Yu Huas wilde Groteske über China
Books | Posted 25/08/2009 | Belletristik | Keine Kommentare »
Frankfurt/Main (dpa) – Der Sprung von der Kulturrevolution, in der jeder Besitz verpönt war, zu einer von Profitgier getriebenen globalen Industriemacht war gewaltig. Die Chinesen hätten in 40 Jahren das erlebt, wofür der Westen 400 Jahre gebraucht habe, meint der Pekinger Schriftsteller Yu Hua.
Bei solchen Umwälzungen muss es in einer Gesellschaft zwangsläufig zu dramatischen Brüchen und Konflikten kommen. In seinem Roman «Brüder» hat Yu hat daraus eine schwarze Komödie gemacht, gespickt voller verrückter Einfälle.
Geschildert wird in dem Roman die Geschichte zweier ungleicher Halbbrüder, die in einer Kleinstadt aufwachsen. Schon früh werden sie zu Waisen, da sie in der Kulturrevolution auf brutale Weise ihre Eltern verlieren. Ein Trauma, mit dem die beiden unterschiedlich fertig werden. Der rüpelhafte Li wird nach der wirtschaftlichen Öffnung des Landes zum clever-gerissenen Geschäftsmann, der sich mit Müll und Lumpen ein Vermögen aufbaut.

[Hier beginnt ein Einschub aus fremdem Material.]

lemma coeff_sq_div_multinomial_coeff_bound:
  fixes g :: "complex^'n::finite \<Rightarrow> complex"
  assumes g: "\<forall>z. g z = (\<Sum>\<alpha>\<in>indices_deg_le D. c \<alpha> * cmonomial \<alpha> z)"
    and bnd: "\<forall>z. norm z = 1 \<longrightarrow> cmod (g z) \<le> \<epsilon>" and a: "\<alpha> \<in> indices_deg_le D"
  shows "(cmod (c \<alpha>))\<^sup>2 / multinomial_coeff \<alpha> \<le> \<epsilon>\<^sup>2 * exp 1 ^ CARD('n) * (real D + 1) ^ CARD('n)"
proof (cases "total_degree \<alpha> = 0")
  case True
  then have a0: "\<alpha> = 0" by (auto simp: total_degree_def fun_eq_iff)
  fix i0 :: 'n
  have "(\<Sum>i\<in>UNIV. (if i = i0 then 1 else 0::real)\<^sup>2) = (\<Sum>i\<in>UNIV. if i = i0 then 1 else 0)"
    by (intro sum.cong) auto
  then have "(\<Sum>i\<in>UNIV. (if i = i0 then 1 else 0::real)\<^sup>2) = 1" by simp
  then have "cmod (c \<alpha>) * (\<Prod>i\<in>UNIV. (if i = i0 then 1 else 0::real) ^ \<alpha> i) \<le> \<epsilon>"
    by (intro coeff_monomial_bound_on_sphere[OF g bnd a]) auto
  then have "(cmod (c \<alpha>))\<^sup>2 \<le> \<epsilon>\<^sup>2" by (simp add: a0 power_mono)
  moreover have "1 \<le> exp 1 ^ CARD('n) * (real D + 1) ^ CARD('n)"
    by (rule order_trans[OF _ mult_mono[OF one_le_power one_le_power]]) auto
  ultimately have "(cmod (c \<alpha>))\<^sup>2 \<le> \<epsilon>\<^sup>2 * (exp 1 ^ CARD('n) * (real D + 1) ^ CARD('n))"
    by (metis mult.right_neutral mult_left_mono order_trans zero_le_power2)
  then show ?thesis by (simp add: a0 multinomial_coeff_def total_degree_def mult.assoc)
next
  case False
  define m where "m = total_degree \<alpha>"
  define T where "T = (\<Prod>i\<in>UNIV. (real (\<alpha> i) / real m) ^ \<alpha> i)"
  have cT: "(cmod (c \<alpha>))\<^sup>2 * T \<le> \<epsilon>\<^sup>2"
    using cmod_sq_coeff_mult_weight_le[OF g bnd a] False by (simp add: T_def m_def)
  have "(cmod (c \<alpha>))\<^sup>2 / multinomial_coeff \<alpha> = (cmod (c \<alpha>))\<^sup>2 * (1 / multinomial_coeff \<alpha>)" by simp
  also have "\<dots> \<le> (cmod (c \<alpha>))\<^sup>2 * (exp 1 ^ CARD('n) * (real m + 1) ^ CARD('n) * T)"
    unfolding T_def using False by (intro mult_left_mono inverse_multinomial_coeff_bound) (auto simp: m_def)
  also have "\<dots> = ((cmod (c \<alpha>))\<^sup>2 * T) * (exp 1 ^ CARD('n) * (real m + 1) ^ CARD('n))" by simp
  also have "\<dots> \<le> \<epsilon>\<^sup>2 * (exp 1 ^ CARD('n) * (real D + 1) ^ CARD('n))"
    using a by (intro mult_mono cT mult_left_mono power_mono) (auto simp: m_def indices_deg_le_def)
  finally show ?thesis by (simp add: mult.assoc)
qed

lemma coeff_mass_bound:
  fixes g :: "complex^'n::finite \<Rightarrow> complex"
  assumes g: "\<forall>z. g z = (\<Sum>\<alpha>\<in>indices_deg_le D. c \<alpha> * cmonomial \<alpha> z)"
    and bnd: "\<forall>z. norm z = 1 \<longrightarrow> cmod (g z) \<le> \<epsilon>"
  shows "coeff_mass D c \<le> \<epsilon>\<^sup>2 * exp 1 ^ CARD('n) * (real D + 1) ^ (2 * CARD('n))"
proof -
  have "coeff_mass D c \<le> (\<Sum>\<alpha>\<in>(indices_deg_le D :: ('n \<Rightarrow> nat) set). \<epsilon>\<^sup>2 * exp 1 ^ CARD('n) * (real D + 1) ^ CARD('n))"
    unfolding coeff_mass_def by (rule sum_mono) (rule coeff_sq_div_multinomial_coeff_bound[OF g bnd])
  also have "\<dots> = real (card (indices_deg_le D :: ('n \<Rightarrow> nat) set)) * (\<epsilon>\<^sup>2 * exp 1 ^ CARD('n) * (real D + 1) ^ CARD('n))"
    by simp
  also have "\<dots> \<le> (real D + 1) ^ CARD('n) * (\<epsilon>\<^sup>2 * exp 1 ^ CARD('n) * (real D + 1) ^ CARD('n))"
  proof (rule mult_right_mono)
    have "card (indices_deg_le D :: ('n \<Rightarrow> nat) set) \<le> (D+1) ^ CARD('n)" by (rule card_indices_deg_le)
    then have "real (card (indices_deg_le D :: ('n \<Rightarrow> nat) set)) \<le> real ((D+1) ^ CARD('n))" by (simp only: of_nat_le_iff)
    then show "real (card (indices_deg_le D :: ('n \<Rightarrow> nat) set)) \<le> (real D + 1) ^ CARD('n)" by (simp add: add.commute)
  qed auto
  also have "\<dots> = \<epsilon>\<^sup>2 * exp 1 ^ CARD('n) * (real D + 1) ^ (2 * CARD('n))"
    by (simp add: power_mult mult_2 power_add)
  finally show ?thesis .
qed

Sein sensibler und zurückhaltender Bruder Song kriegt zwar das schönste Mädchen der Stadt ab, kommt aber beruflich nach dem Verlust seines Arbeitsplatzes in der Fabrik nicht mehr auf die Beine. Schließlich verkauft er seine eigene Ehre: Er lässt sich seine Brust vergrößern, um im kapitalistischen China mit seiner hemmungslosen Konsumwut den Landfrauen ein Gel anzudrehen, das Busen praller macht. Seine Frau verfällt nach zwanzig Jahren Ehe dennoch seinem sexbesessenen Bruder Li. Dieser kommt erst zur Besinnung, als sich Song das Leben nimmt.
Der von Ulrich Kautz trefflich übersetzte Roman ist eine wilde und auch unterhaltsame Groteske, in der es ziemlich derb zugeht. Yu, der mit Büchern wie «Leben» (1998) und «Der Mann, der sein Blut verkaufte» (2000) zu den international renommiertesten Autoren Chinas zählt, steht stilistisch dem Schelmenroman nahe. Diese Erzählweise setzt aber sowohl der Vielschichtigkeit seiner Figuren sowie dem Tiefgang des Romans Grenzen. Angesichts der zahllosen komischen Anekdoten verlieren die bedrückenden Momente der Saga an Kraft – dies gilt nicht nur für die Schilderung der Grausamkeiten während der Kulturrevolution.
Den Nerv der chinesischen Leser hat Yu jedenfalls getroffen. Der im Jahr 2005 in China veröffentlichte Roman wurde mit einer Auflage von 1,5 Millionen zum Bestseller. Und die Zensur hat die bissige Satire ohne Probleme passieren lassen. Yu, der zu den schärfsten Kritikern von Geldgier und Korruption im kommunistischen Machtapparat gehört, wird zur Frankfurter Buchmesse im Oktober kommen. China ist Ehrengast. Und Yu sogar Mitglied der offiziellen chinesischen Autoren-Delegation – eine weitere ironische Pointe über chinesische Widersprüche.